С тех пор прошло двадцать два года. За это время я много пережил, много видел и вычитал из книг, и теперь, мысленно пробегая прошлое, я вспомнил изречение одного философа: «Человек до сорока лет представляет собою текст, а после сорока — комментарий к этому тексту». До этого возраста мне еще далеко. И если философ прав, то за время плавания на «Орле», а в особенности за последние полутора суток, когда я вместе с другими дышал воздухом разрушения и смерти, текст моей души увеличился до колоссальных размеров…

Броненосец слегка покачивался на мертвой зыби. Краска на нем обгорела, зашелушилась. Вчера он был черным, сегодня стал пепельным, словно поседел в бою.

Когда броненосец «Орел» сдался в плен, тяжело раненного командира Николая Викторовича Юнга перенесли из операционного пункта в заразный изолятор.

Это небольшое удлиненное помещение с одним иллюминатором уцелело в бою.

Несмотря на множество возникавших пожаров на судне, здесь переборки и потолок по-прежнему блестели белой эмалевой краской. В головах единственной железной койки, укрепленной вдоль борта, стоял небольшой столик, в ногах стул.

Командир, с пробитым желудком и печенью, с раздробленным плечом и с неглубокими ранами на голове, находился в безнадежном состоянии и, лежа на койке, бредил. По просьбе наших офицеров, к дверям изолятора был поставлен японский часовой, охранявший вход туда главным образом от неприятельской команды. Это было сделано для того, чтобы Юнг не догадался о сдаче его судна в плен. Мучительно долго он боролся со смертью, наполняя изолятор то стонами, то выкриками. Около него неотлучно находился вновь назначенный вестовой Максим Яковлев вместо убитого Назарова, и по временам приходил к нему старший судовой врач Макаров.

Только на следующий день, 16 мая, к вечеру Юнг начал приходить в сознание.

Вестовой Яковлев, человек малограмотный и недалекий, после рассказывал о нем:

— Только что опомнился командир, а тут, как на грех, в дверь заглянули японцы: "Это, спрашивает, что за люди у нас? Пришлось сказать: «Сдались мы, выше высокоблагородие». А он поднялся повыше на подушку и как заплачет!

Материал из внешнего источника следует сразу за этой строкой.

lemma renewal_laplace_rec_weighted:
  "renewal_laplace p s m * exp (l * real m) = pmf_tail p m * exp (l * real m)
     + exp (- s) * (\<Sum>j=1..m. p j * exp (l * real j) * (renewal_laplace p s (m - j) * exp (l * real (m - j))))"
proof -
  have term_eq: "p j * exp (l * real j) * (renewal_laplace p s (m - j) * exp (l * real (m - j)))
      = p j * renewal_laplace p s (m - j) * exp (l * real m)" if "j \<in> {1..m}" for j
  proof -
    have "exp (l * real j) * exp (l * real (m - j)) = exp (l * real m)"
      using that by (simp add: exp_add[symmetric] of_nat_diff algebra_simps)
    then show ?thesis by (metis mult.assoc mult.left_commute)
  qed
  have "(\<Sum>j=1..m. p j * exp (l * real j) * (renewal_laplace p s (m - j) * exp (l * real (m - j))))
      = (\<Sum>j=1..m. p j * renewal_laplace p s (m - j)) * exp (l * real m)"
    unfolding sum_distrib_right by (rule sum.cong[OF refl term_eq])
  then show ?thesis
    by (simp add: renewal_laplace_rec[where p=p, OF p_0, of s m] algebra_simps)
qed

lemma renewal_laplace_ge_exp:
  assumes "0 \<le> s"
  shows "exp (- s * real m) \<le> renewal_laplace p s m"
proof -
  define u where "u m = renewal_laplace p s m * exp (s * real m)" for m
  have "1 \<le> u m"
  proof (induction m rule: less_induct)
    case (less m)
    have term_ge: "p j \<le> exp (- s) * (p j * exp (s * real j) * u (m - j))" if "j \<in> {1..m}" for j
    proof -
      have "1 \<le> exp (- s) * exp (s * real j)"
        using that assms by (simp add: exp_add[symmetric] algebra_simps mult_le_cancel_left1)
      also have "\<dots> \<le> exp (- s) * exp (s * real j) * u (m - j)"
        using mult_left_mono[of 1 "u (m - j)" "exp (- s) * exp (s * real j)"] less.IH[of "m - j"] that
        by simp
      finally show ?thesis
        using p_nonneg[of j] mult_left_mono by (fastforce simp: ac_simps)
    qed
    have "1 = pmf_tail p m + (\<Sum>j=1..m. p j)" using sum_pmf_eq_1_minus_tail[of m] by linarith
    also have "\<dots> \<le> pmf_tail p m * exp (s * real m) + (\<Sum>j=1..m. exp (- s) * (p j * exp (s * real j) * u (m - j)))"
      using pmf_tail_nonneg[of m] assms term_ge by (intro add_mono sum_mono mult_le_cancel_left1[THEN iffD2]) auto
    also have "\<dots> = u m"
      by (simp add: u_def renewal_laplace_rec_weighted[of s m s] sum_distrib_left)
    finally show ?case .
  qed
  then show ?thesis by (simp add: u_def exp_minus field_simps)
qed

lemma renewal_laplace_pos: "0 \<le> s \<Longrightarrow> 0 < renewal_laplace p s m"
  using renewal_laplace_ge_exp[of s m] by (meson exp_gt_zero less_le_trans)

lemma renewal_laplace_le_exp:
  assumes l: "0 \<le> l" and summable: "summable (\<lambda>n. p n * exp (l * real n))"
    and mgf: "pmf_mgf p l \<le> exp s"
  shows "renewal_laplace p s m \<le> exp s * exp (- l * real m)"
proof -
  define f where "f n = p n * exp (l * real n)" for n
  define u where "u m = renewal_laplace p s m * exp (l * real m)" for m
  have f_nonneg: "0 \<le> f n" for n using p_nonneg[of n] by (simp add: f_def)
  have tail_le: "pmf_tail p m * exp (l * real m) \<le> (\<Sum>n. f (n + Suc m))" for m
  proof -
    have "pmf_tail p m * exp (l * real m) = (\<Sum>n. p (n + Suc m) * exp (l * real m))"
      unfolding pmf_tail_eq_suminf
      by (rule suminf_mult2[OF summable_ignore_initial_segment[OF summable_p]])
    also have "\<dots> \<le> (\<Sum>n. f (n + Suc m))"
      using p_nonneg l unfolding f_def
      by (intro suminf_le summable_mult2 summable_ignore_initial_segment[OF summable_p]
          summable_ignore_initial_segment[OF summable]) (auto intro!: mult_left_mono)
    finally show ?thesis .
  qed
  have mgf_split: "(\<Sum>j=1..m. f j) + (\<Sum>n. f (n + Suc m)) = pmf_mgf p l" for m
    using suminf_split_initial_segment[OF summable, of "Suc m"]
    by (simp add: pmf_mgf_def f_def lessThan_Suc_atMost sum_atMost_eq_head_plus_atLeast1[of _ m] p_0)
  have "u m \<le> exp s"
  proof (induction m rule: less_induct)
    case (less m)
    have "exp (- s) * (\<Sum>j=1..m. f j * u (m - j)) \<le> exp (- s) * (\<Sum>j=1..m. f j * exp s)"
      using less.IH f_nonneg by (intro mult_left_mono sum_mono) auto
    also have "\<dots> = (\<Sum>j=1..m. f j)"
      by (simp add: sum_distrib_right[symmetric] exp_minus)
    finally have "u m \<le> pmf_tail p m * exp (l * real m) + (\<Sum>j=1..m. f j)"
      by (simp add: u_def f_def renewal_laplace_rec_weighted[of s m l])
    also have "\<dots> \<le> exp s"
      using tail_le[of m] mgf_split[of m] mgf by linarith
    finally show ?case .
  qed
  then show ?thesis by (simp add: u_def exp_minus field_simps)
qed

lemma renewal_laplace_ge_const_exp:
  assumes s: "0 \<le> s" and summable: "summable (\<lambda>n. p n * exp (l * real n))"
    and mgf: "exp s < pmf_mgf p l"
  shows "\<exists>c>0. \<forall>m. c * exp (- l * real m) \<le> renewal_laplace p s m"
proof -
  define f where "f n = p n * exp (l * real n)" for n
  define u where "u m = renewal_laplace p s m * exp (l * real m)" for m
  have f_nonneg: "0 \<le> f n" for n using p_nonneg[of n] by (simp add: f_def)
  have "(\<lambda>J. \<Sum>j<J. f j) \<longlonglongrightarrow> pmf_mgf p l"
    using summable unfolding pmf_mgf_def f_def by (simp add: summable_LIMSEQ)
  from order_tendstoD(1)[OF this mgf] obtain J where J: "exp s < (\<Sum>j<J. f j)"
    by (auto simp: eventually_sequentially)
  define c where "c = Min (u ` {..J})"
  have c_pos: "0 < c"
    unfolding c_def u_def using renewal_laplace_pos[OF s] by (subst Min_gr_iff) auto
  have "c \<le> u m" for m
  proof (induction m rule: less_induct)
    case (less m)
    show ?case
    proof (cases "m \<le> J")
      case True
      then show ?thesis unfolding c_def by (intro Min_le) auto
    next
      case False
      have "c * exp s \<le> c * (\<Sum>j<J. f j)" using J c_pos by simp
      also have "\<dots> \<le> c * (\<Sum>j\<le>m. f j)"
        using False f_nonneg c_pos by (intro mult_left_mono sum_mono2) auto
      also have "\<dots> = (\<Sum>j=1..m. f j * c)"
        by (simp only: sum_atMost_eq_head_plus_atLeast1[of f m]) (simp add: f_def p_0 sum_distrib_left mult.commute)
      also have "\<dots> \<le> (\<Sum>j=1..m. f j * u (m - j))"
        using less.IH f_nonneg by (intro sum_mono mult_left_mono) auto
      finally have "c \<le> exp (- s) * (\<Sum>j=1..m. f j * u (m - j))"
        by (simp add: exp_minus field_simps)
      also have "\<dots> \<le> u m"
        using pmf_tail_nonneg[of m] by (simp add: u_def f_def renewal_laplace_rec_weighted[of s m l])
      finally show ?thesis .
    qed
  qed
  then have "c * exp (- l * real m) \<le> renewal_laplace p s m" for m
    by (simp add: u_def exp_minus field_simps)
  with c_pos show ?thesis by blast
qed

end

section \<open>Decay rate of the Laplace transform for small s\<close>

lemma abs_exp_minus_taylor2_le:
  fixes x :: real
  shows "\<bar>exp x - 1 - x - x^2/2\<bar> \<le> \<bar>x\<bar>^3 * exp \<bar>x\<bar> / 6"
proof -
  obtain t where t: "\<bar>t\<bar> \<le> \<bar>x\<bar>" "exp x = (\<Sum>m<3. x^m / fact m) + exp t / fact 3 * x^3"
    using Maclaurin_exp_le[of x 3] by blast
  have "(\<Sum>m<3. x^m / fact m) = 1 + x + x^2/2"
    by (simp add: numeral_3_eq_3 power2_eq_square)
  then have "exp x - 1 - x - x^2/2 = exp t / 6 * x^3"
    using t(2) by (simp add: numeral_3_eq_3)
  then have "\<bar>exp x - 1 - x - x^2/2\<bar> = exp t / 6 * \<bar>x\<bar>^3"
    by (simp only: abs_mult power_abs) simp
  also have "\<dots> \<le> exp \<bar>x\<bar> / 6 * \<bar>x\<bar>^3"
    using t(1) by (intro mult_right_mono divide_right_mono) auto
  finally show ?thesis by (simp add: mult.commute)
qed

lemma cube_le_exp:
  fixes a x :: real
  assumes "0 < a" "0 \<le> x"
  shows "x^3 \<le> 27 / a^3 * exp (a * x)"
proof -
  have "a * x / 3 \<le> exp (a * x / 3)"
    using exp_ge_add_one_self[of "a * x / 3"] by linarith
  then have "(a * x / 3)^3 \<le> exp (a * x / 3)^3"
    using assms by (intro power_mono) auto
  also have "\<dots> = exp (a * x)"
    by (subst exp_of_nat_mult[symmetric]) simp
  finally show ?thesis
    using assms by (simp add: power_divide power_mult_distrib field_simps)
qed

lemma tendsto_at_top_of_LIMSEQ_div:
  fixes f :: "nat \<Rightarrow> real"
  assumes lim: "(\<lambda>m. f m / real m) \<longlonglongrightarrow> L"
  shows "((\<lambda>t. f (nat (\<lceil>t\<rceil> - 1)) / t) \<longlongrightarrow> L) at_top"
proof -
  define g where "g t = nat (\<lceil>t\<rceil> - 1)" for t :: real
  have g_bounds: "t - 1 \<le> real (g t) \<and> real (g t) \<le> t" if "1 \<le> t" for t
    unfolding g_def using ceiling_correct[of t] that by linarith
  have "filterlim g sequentially at_top"
    unfolding filterlim_at_top
  proof
    fix Z :: nat
    have Z_le: "Z \<le> g t" if "real Z + 1 \<le> t" for t
      using g_bounds[of t] that by auto
    show "\<forall>\<^sub>F t in at_top. Z \<le> g t"
      using eventually_ge_at_top[of "real Z + 1"] by eventually_elim (rule Z_le)
  qed
  then have "((\<lambda>t. f (g t) / real (g t)) \<longlongrightarrow> L) at_top"
    by (rule filterlim_compose[OF lim])
  moreover have "((\<lambda>t. real (g t) / t) \<longlongrightarrow> 1) at_top"
  proof (rule tendsto_sandwich)
    show "\<forall>\<^sub>F t in at_top. (t - 1) / t \<le> real (g t) / t"
      using eventually_ge_at_top[of "1::real"]
      by eventually_elim (use g_bounds in \<open>auto intro: divide_right_mono\<close>)
    show "\<forall>\<^sub>F t in at_top. real (g t) / t \<le> 1"
      using eventually_ge_at_top[of "1::real"] by eventually_elim (use g_bounds in auto)
    show "((\<lambda>t::real. (t - 1) / t) \<longlongrightarrow> 1) at_top" by real_asymp
  qed simp
  ultimately have "((\<lambda>t. f (g t) / real (g t) * (real (g t) / t)) \<longlongrightarrow> L * 1) at_top"
    by (rule tendsto_mult)
  moreover have "\<forall>\<^sub>F t in at_top. f (g t) / real (g t) * (real (g t) / t) = f (g t) / t"
    using eventually_ge_at_top[of "2::real"]
  proof eventually_elim
    case (elim t)
    then have "real (g t) \<noteq> 0" using g_bounds[of t] by linarith
    then show ?case by simp
  qed
  ultimately show ?thesis
    unfolding g_def[symmetric] mult_1_right by (rule Lim_transform_eventually)
qed

locale exp_moment_pmf = renewal_pmf +
  fixes a :: real
  assumes a_pos: "0 < a" and summable_exp_moment: "summable (\<lambda>n. p n * exp (a * real n))"
begin

lemma summable_mgf:
  assumes "l \<le> a"
  shows "summable (\<lambda>n. p n * exp (l * real n))"
proof (rule summable_comparison_test'[OF summable_exp_moment])
  show "norm (p n * exp (l * real n)) \<le> p n * exp (a * real n)" for n
    using p_nonneg[of n] assms by (auto intro!: mult_left_mono mult_right_mono)
qed

lemma summable_cube_mgf: "summable (\<lambda>n. p n * real n ^ 3 * exp (a / 2 * real n))"
proof (rule summable_comparison_test'[OF summable_mult[OF summable_exp_moment, of "27 / (a / 2)^3"]])
  fix n
  have "p n * real n ^ 3 * exp (a / 2 * real n) \<le> p n * (27 / (a / 2)^3 * exp (a / 2 * real n)) * exp (a / 2 * real n)"
    using p_nonneg[of n] a_pos cube_le_exp[of "a / 2" "real n"] by (intro mult_right_mono mult_left_mono) auto
  also have "\<dots> = 27 / (a / 2)^3 * (p n * exp (a * real n))"
    by (simp add: mult_ac exp_add[symmetric])
  finally show "norm (p n * real n ^ 3 * exp (a / 2 * real n)) \<le> 27 / (a / 2)^3 * (p n * exp (a * real n))"
    using p_nonneg[of n] by simp
qed

lemma summable_moment:
  assumes "k \<le> 3"
  shows "summable (\<lambda>n. p n * real n ^ k)"
proof (rule summable_comparison_test'[OF summable_cube_mgf])
  fix n
  show "norm (p n * real n ^ k) \<le> p n * real n ^ 3 * exp (a / 2 * real n)"
  proof (cases "n = 0")
    case False
    have "real n ^ k \<le> real n ^ 3 * 1"
      using False assms by (simp add: power_increasing)
    also have "\<dots> \<le> real n ^ 3 * exp (a / 2 * real n)"
      using a_pos by (intro mult_left_mono) auto
    finally show ?thesis
      using p_nonneg[of n] by (simp add: abs_mult mult.assoc mult_left_mono)
  qed (simp add: p_0)
qed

Потом начал мне объяснять на счет какого-то земского собора:

«Кончается, говорит, позорная война, и я, говорит, кончаюсь. А ты, Максим, может быть, будешь заседать в земском соборе». Вижу — все лицо командира в слезах. Жалко мне его. Все-таки он был хороший человек. А про себя думаю: опять начал умом путаться. Как же это я буду заседать вместе с земскими начальниками, да еще в соборе? У нас в селе один только земский начальник, а и от того спасения нет. Сущий живодер. Если в поле едет, за версту от него сворачивай. Иначе — расшибет. Поговорил со мною командир и опять заплакал.

Потом наказывает мне позвать доктора…

Разговаривая с вестовым, Юнг имел, конечно, в виду не земских начальников.

В молодости своей, будучи мичманом, Юнг участвовал в революционном движении. В восьмидесятых годах начались аресты во флоте. Его спасло от тюрьмы только то, что он в это время находился в кругосветном плавании.